┌────────

text \<open>(P.2) is phrased with an integer diameter bound; a family indexed by a real bound r
  is extended by zero to the sets of diameter at most the ceiling of r.\<close>

lemma P2_local_sum_eigenvalue_zero:
  fixes G :: "'v::finite \<Rightarrow> 'v \<Rightarrow> bool"
  assumes "prop_P2 G Qd L \<beta>" and "r > 0" and \<beta>: "\<beta> (nat \<lceil>r\<rceil>) > 0"
    and h: "\<forall>X. diam_le G X r \<longrightarrow> supported_in X (h X) \<and>
          op_apply (h X) (qvec Qd 1) = (\<lambda>_. 0) \<and> op_apply (h X) vac = (\<lambda>_. 0)"
    and eig: "op_apply (local_sum G r h) (qvec Qd p) = (\<lambda>S. E' * qvec Qd p S)"
    and "p \<le> L" and p: "real p * \<beta> (nat \<lceil>r\<rceil>) \<le> real (card (UNIV :: 'v set))"
  shows "E' = 0"
proof -
  define h' where "h' X = (if diam_le G X r then h X else (\<lambda>_ _. 0))" for X
  have pos: "nat \<lceil>r\<rceil> > 0" using \<open>r > 0\<close> by simp
  have h': "\<forall>X. diam G X \<le> enat (nat \<lceil>r\<rceil>) \<longrightarrow> supported_in X (h' X) \<and>
      op_apply (h' X) (qvec Qd 1) = (\<lambda>_. 0) \<and> op_apply (h' X) vac = (\<lambda>_. 0)"
    using h by (simp add: h'_def)
  note P2 = assms(1)[unfolded prop_P2_def, rule_format, OF pos h'[rule_format]]
  have sum_eq: "local_sum G r h = (\<lambda>S T. \<Sum>X\<in>{X. diam G X \<le> enat (nat \<lceil>r\<rceil>)}. h' X S T)"
    unfolding local_sum_def
    by (intro ext sum.mono_neutral_cong_left) (auto simp: h'_def diam_le_imp_diam_le_ceiling)
  from eig have "op_apply (\<lambda>S T. \<Sum>X\<in>{X. diam G X \<le> enat (nat \<lceil>r\<rceil>)}. h' X S T) (qvec Qd p)
      = (\<lambda>S. E' * qvec Qd p S)"
    unfolding sum_eq .
  moreover have "real p \<le> min (real L) (real (card (UNIV :: 'v set)) / \<beta> (nat \<lceil>r\<rceil>))"
    using \<open>p \<le> L\<close> p \<beta> by (simp add: pos_le_divide_eq)
  ultimately show ?thesis by (intro P2[where p = p] conjI)
qed

lemma local_sum_tower_eigen:
  assumes "P1_decomp G Qd \<alpha> R H \<Omega> \<omega> h"
    and "\<forall>S T. op_mult numop Qd S T - op_mult Qd numop S T = c * Qd S T"
    and "op_apply H (qvec Qd p) = (\<lambda>S. E * qvec Qd p S)"
  shows "op_apply (local_sum G (\<alpha> R) h) (qvec Qd p)
       = (\<lambda>S. (E - \<Omega> - c * \<omega> * of_nat p) * qvec Qd p S)"
proof -
  have "op_apply (local_sum G (\<alpha> R) h) (qvec Qd p) = (\<lambda>S. op_apply H (qvec Qd p) S
      - \<Omega> * op_apply idop (qvec Qd p) S - \<omega> * op_apply numop (qvec Qd p) S)"
    unfolding P1_decomp_local_sum[OF assms(1)] op_apply_diff_op op_apply_scale_op ..
  also have "\<dots> = (\<lambda>S. (E - \<Omega> - c * \<omega> * of_nat p) * qvec Qd p S)"
    unfolding assms(3) op_apply_idop numop_qvec[OF assms(2)] by (simp add: algebra_simps)
  finally show ?thesis .
qed

lemma eigenvalue_zero_if_annihilates_qvec:
  assumes "op_apply A (qvec Qd p) = (\<lambda>S. e * qvec Qd p S)" and "op_apply A (qvec Qd p) = (\<lambda>_. 0)"
    and "qvec Qd L \<noteq> (\<lambda>_. 0)" and "p \<le> L"
  shows "e = 0"
  using assms qvec_nonzero[OF assms(3,4)] by (metis mult_eq_0_iff)

lemma k_local_local_sum:
  assumes "P1_decomp G Qd \<alpha> R H \<Omega> \<omega> h" and "k_local k H" and "k \<ge> 1"
  shows "k_local k (local_sum G (\<alpha> R) h)"
  unfolding P1_decomp_local_sum[OF assms(1)] using assms(2,3)
  by (intro k_local_diff_scaled k_local_mono[OF k_local_idop] k_local_mono[OF k_local_numop]) auto

lemma P1_decomp_tower_spectrum:
  fixes G :: "'v::finite \<Rightarrow> 'v \<Rightarrow> bool"
  assumes dec: "P1_decomp G Qd \<alpha> R H \<Omega> \<omega> h"
    and comm: "\<forall>S T. op_mult numop Qd S T - op_mult Qd numop S T = c * Qd S T"
    and "qvec Qd L \<noteq> (\<lambda>_. 0)" and P2: "prop_P2 G Qd L \<beta>" and P3: "prop_P3 Qd L \<gamma>"
    and "\<alpha> R > 0" and \<beta>: "\<beta> (nat \<lceil>\<alpha> R\<rceil>) > 0" and "k \<ge> 1" and "k_local k H"
    and H: "\<forall>p\<le>L. op_apply H (qvec Qd p) = (\<lambda>S. E p * qvec Qd p S)"
    and N: "\<beta> (nat \<lceil>\<alpha> R\<rceil>) * \<gamma> k < real (card (UNIV :: 'v set))"
    and "p \<le> L"
  shows "E p = \<Omega> + c * \<omega> * of_nat p"
proof -
  let ?Hs = "local_sum G (\<alpha> R) h"
  have local_terms: "\<forall>X. diam_le G X (\<alpha> R) \<longrightarrow> supported_in X (h X) \<and>
      op_apply (h X) (qvec Qd 1) = (\<lambda>_. 0) \<and> op_apply (h X) vac = (\<lambda>_. 0)"
    using dec unfolding P1_decomp_def by (rule conjunct1)
  have eig: "op_apply ?Hs (qvec Qd q) = (\<lambda>S. (E q - \<Omega> - c * \<omega> * of_nat q) * qvec Qd q S)"
    if "q \<le> L" for q
    using local_sum_tower_eigen[OF dec comm] H that by blast
  have low: "\<forall>q. real q \<le> min (\<gamma> k) (real L) \<longrightarrow> op_apply ?Hs (qvec Qd q) = (\<lambda>_. 0)"
  proof (intro allI impI)
    fix q assume q: "real q \<le> min (\<gamma> k) (real L)"
    then have "q \<le> L" by simp
    have "real q * \<beta> (nat \<lceil>\<alpha> R\<rceil>) \<le> \<gamma> k * \<beta> (nat \<lceil>\<alpha> R\<rceil>)"
      using q \<beta> by (simp add: mult_right_mono)
    also have "\<dots> < real (card (UNIV :: 'v set))" using N by (simp add: mult.commute)
    finally have "E q - \<Omega> - c * \<omega> * of_nat q = 0"
      by (intro P2_local_sum_eigenvalue_zero[OF P2 \<open>\<alpha> R > 0\<close> \<beta> local_terms eig]
          \<open>q \<le> L\<close> less_imp_le)
    then show "op_apply ?Hs (qvec Qd q) = (\<lambda>_. 0)" using eig[OF \<open>q \<le> L\<close>] by simp
  qed
  have "k_local k ?Hs" using k_local_local_sum dec assms by blast
  with low have "op_apply ?Hs (qvec Qd p) = (\<lambda>_. 0)"
    using P3[unfolded prop_P3_def, rule_format, OF \<open>k \<ge> 1\<close> conjI, OF _ _ \<open>p \<le> L\<close>] by blast
  then have "E p - \<Omega> - c * \<omega> * of_nat p = 0"
    by (rule eigenvalue_zero_if_annihilates_qvec[OF eig[OF \<open>p \<le> L\<close>] _ assms(3) \<open>p \<le> L\<close>])
  then show ?thesis by (simp add: algebra_simps)
qed
(* Let $X$ be a complex vector space with $\dim_{\mathbb{C}}X\ge 2$ and $Y\neq\{0\}$ a sequentially complete Hausdorff complex locally convex space. Let $\Omega\subset X$ be a polygonally connected $2$-open set and $C\subset\Omega$ a subset such that $C-c$ is real-absorbing for some $c\in C$ (i.e. for every $x\in X$ there is $\varepsilon>0$ with $[0,\varepsilon]\cdot x\subset C-c$). Then for every $f\in\mathcal{H}_G(\Omega,Y)$, $$f(\Omega)-f(c)\subset\overline{\mathrm{span}}\big(f(C)-f(c)\big).$$ In particular $f\equiv0$ on $\Omega$ if and only if $f|_C\equiv 0$.
   Context: For $d\in\mathbb{N}^*$, $\Gamma_d(X)$ is the set of complex affine subspaces (linear varieties) $L\subset X$ of dimension $d$, each carrying its Euclidean topology, and $\Gamma_{1,d}(X)=\bigcup_{k=1}^d\Gamma_k(X)$. A set $A\subset X$ is $d$-open if $A\cap L$ is open in $L$ for every $L\in\Gamma_{1,d}(X)$. $A$ is polygonally connected if any two points of $A$ can be joined by a polygonal chain contained in $A$. For a $1$-open $\Omega\subset X$, a map $f:\Omega\to Y$ is Gâteaux holomorphic ($f\in\mathcal{H}_G(\Omega,Y)$) if for all $a\in\Omega$, $v\in X$, $\varphi\in Y^*$ there is $r>0$ such that $\lambda\mapsto\varphi(f(a+\lambda v))$ is holomorphic on the disc $\{|\lambda|<r\}$. $\overline{\mathrm{span}}$ denotes the closed linear span in $Y$. *)

theory Defs
  imports "HOL-Analysis.Analysis"
begin

text \<open>Complex vector spaces are rendered with the library locale vector_space
  for an explicit scalar multiplication by complex numbers.\<close>

text \<open>Coordinate space C^k, realised inside nat => complex (product topology).\<close>
definition coord_space :: "nat \<Rightarrow> (nat \<Rightarrow> complex) set" where
  "coord_space k = {z. \<forall>i\<ge>k. z i = 0}"

definition is_frame :: "(complex \<Rightarrow> 'a \<Rightarrow> 'a::ab_group_add) \<Rightarrow> nat \<Rightarrow> (nat \<Rightarrow> 'a) \<Rightarrow> bool" where
  "is_frame sc k vs \<longleftrightarrow> inj_on vs {..<k} \<and> \<not> module.dependent sc (vs ` {..<k})"

definition aff_param :: "(complex \<Rightarrow> 'a \<Rightarrow> 'a::ab_group_add) \<Rightarrow> nat \<Rightarrow> 'a \<Rightarrow> (nat \<Rightarrow> 'a) \<Rightarrow> (nat \<Rightarrow> complex) \<Rightarrow> 'a" where
  "aff_param sc k a vs z = a + (\<Sum>i<k. sc (z i) (vs i))"

definition Gamma :: "(complex \<Rightarrow> 'a \<Rightarrow> 'a::ab_group_add) \<Rightarrow> nat \<Rightarrow> 'a set set" where
  "Gamma sc k = {L. \<exists>a vs. is_frame sc k vs \<and> L = aff_param sc k a vs ` coord_space k}"

text \<open>A \<inter> L is open in L for its Euclidean topology (transported through an affine
  parametrisation; any two such parametrisations differ by a linear automorphism of C^k,
  hence a homeomorphism, so we require it for every parametrisation of L).\<close>
definition open_in_affine :: "(complex \<Rightarrow> 'a \<Rightarrow> 'a::ab_group_add) \<Rightarrow> nat \<Rightarrow> 'a set \<Rightarrow> 'a set \<Rightarrow> bool" where
  "open_in_affine sc k L A \<longleftrightarrow>
     (\<forall>a vs. is_frame sc k vs \<and> L = aff_param sc k a vs ` coord_space k \<longrightarrow>
        openin (top_of_set (coord_space k)) {z \<in> coord_space k. aff_param sc k a vs z \<in> A})"

definition d_open :: "(complex \<Rightarrow> 'a \<Rightarrow> 'a::ab_group_add) \<Rightarrow> nat \<Rightarrow> 'a set \<Rightarrow> bool" where
  "d_open sc d A \<longleftrightarrow> (\<forall>k\<in>{1..d}. \<forall>L\<in>Gamma sc k. open_in_affine sc k L A)"

definition segm :: "(complex \<Rightarrow> 'a \<Rightarrow> 'a::ab_group_add) \<Rightarrow> 'a \<Rightarrow> 'a \<Rightarrow> 'a set" where
  "segm sc p q = {p + sc (complex_of_real t) (q - p) | t. t \<in> {0..1}}"
lemma leaves_below_nonempty:
  assumes "v \<in> VT"
  shows "leaves_below v \<noteq> {}"
proof -
  have "wf (ET\<inverse>)" by (rule finite_acyclic_wf_converse[OF finite_edges acyclic_edges])
  then show ?thesis using assms
  proof (induction v rule: wf_induct_rule)
    case (less v)
    show ?case
    proof (cases "children v = {}")
      case True
      then show ?thesis using less.prems unfolding leaves_below_def outdeg_eq_0_iff by blast
    next
      case False
      then obtain c where "(v, c) \<in> ET" unfolding children_def by blast
      then show ?thesis
        using less.IH[of c] edges_subset leaves_below_mono[of v c] by blast
    qed
  qed
qed

end

section \<open>Colourings and the set I(T)\<close>

locale coloured_phylo_tree = phylo_tree X VT ET lT
  for X :: "'x set" and VT :: "'n set" and ET :: "('n \<times> 'n) set" and lT :: "'n \<Rightarrow> 'x" +
  fixes rho :: 'x and F :: "'x set set" and col :: "'x \<Rightarrow> 'c::linorder"
  assumes same_colour_same_block:
    "x \<in> insert rho X \<Longrightarrow> y \<in> insert rho X \<Longrightarrow> col x = col y \<Longrightarrow> \<exists>B\<in>F. x \<in> B \<and> y \<in> B"
begin

abbreviation I :: "'n set" where
  "I \<equiv> I_set rho F (VT, ET, lT)"

definition colours :: "'n \<Rightarrow> 'c set" where
  "colours v = col ` lT ` leaves_below v"

definition min_colour :: "'n \<Rightarrow> 'c" where
  "min_colour v = Min (colours v)"

definition split_colour :: "'n \<Rightarrow> 'c" where
  "split_colour w = Max (min_colour ` children w)"
sublocale red: ring_hom_map red
  using W2_data by unfold_locales (simp add: W2_data_def)

sublocale sigma: ring_hom_map sigma
  using W2_data by unfold_locales (simp add: W2_data_def)

lemma red_eq_0_iff: "red r = 0 \<longleftrightarrow> (\<exists>s. r = of_nat p * s)"
  using W2_data by (simp add: W2_data_def)

lemma mp_add: "mp (a + b) = mp a + mp b"
  using W2_data by (simp add: W2_data_def)

lemma mp_red: "mp (red r) = of_nat p * r"
  using W2_data by (simp add: W2_data_def)

lemma red_sigma: "red (sigma r) = red r ^ p"
  using W2_data by (simp add: W2_data_def)

lemma mp_0 [simp]: "mp 0 = 0"
  using mp_add[of 0 0] by simp

lemma prime_CHAR_k: "prime CHAR('k)"
  using prime_p CHAR_k by simp

lemma of_nat_p_eq_0 [simp]: "(of_nat p :: 'k) = 0"
  using of_nat_CHAR CHAR_k by metis

lemma of_nat_p_mult_self: "(of_nat p :: 'r) * of_nat p = 0"
  using mp_red[of "of_nat p"] by simp

lemma two_neq_0:
  assumes "p \<noteq> 2"
  shows "(2 :: 'k) \<noteq> 0"
proof
  assume "(2 :: 'k) = 0"
  then have "p dvd 2"
    using of_nat_eq_0_iff_char_dvd[where 'a='k, of 2] CHAR_k by simp
  with assms prime_p show False
    using prime_nat_iff two_is_prime_nat by blast
qed

lemma map_poly_red_surj: "\<exists>h. f = map_poly red h"
proof (induction f)
  case (pCons c f)
  obtain h where "f = map_poly red h" using pCons.IH by blast
  moreover obtain c' where "c = red c'"
    using W2_data unfolding W2_data_def by (metis surjD)
  ultimately show ?case by (intro exI[of _ "pCons c' h"]) simp
qed (intro exI[of _ 0], simp)

lemma map_poly_mp_red: "map_poly mp (map_poly red h) = smult (of_nat p) h"
  by (intro poly_eqI) (simp add: coeff_map_poly mp_red)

└────────

> [Action item] In the listing above, find every line with the word "forall" and copy it.

> [Your solution]
    and h: "\<forall>X. diam_le G X r \<longrightarrow> supported_in X (h X) \<and>
  have h': "\<forall>X. diam G X \<le> enat (nat \<lceil>r\<rceil>) \<longrightarrow> supported_in X (h' X) \<and>
    and "\<forall>S T. op_mult numop Qd S T - op_mult Qd numop S T = c * Qd S T"
    and comm: "\<forall>S T. op_mult numop Qd S T - op_mult Qd numop S T = c * Qd S T"
    and H: "\<forall>p\<le>L. op_apply H (qvec Qd p) = (\<lambda>S. E p * qvec Qd p S)"
  have local_terms: "\<forall>X. diam_le G X (\<alpha> R) \<longrightarrow> supported_in X (h X) \<and>
  have low: "\<forall>q. real q \<le> min (\<gamma> k) (real L) \<longrightarrow> op_apply ?Hs (qvec Qd q) = (\<lambda>_. 0)"
  "coord_space k = {z. \<forall>i\<ge>k. z i = 0}"
     (\<forall>a vs. is_frame sc k vs \<and> L = aff_param sc k a vs ` coord_space k \<longrightarrow>
  "d_open sc d A \<longleftrightarrow> (\<forall>k\<in>{1..d}. \<forall>L\<in>Gamma sc k. open_in_affine sc k L A)"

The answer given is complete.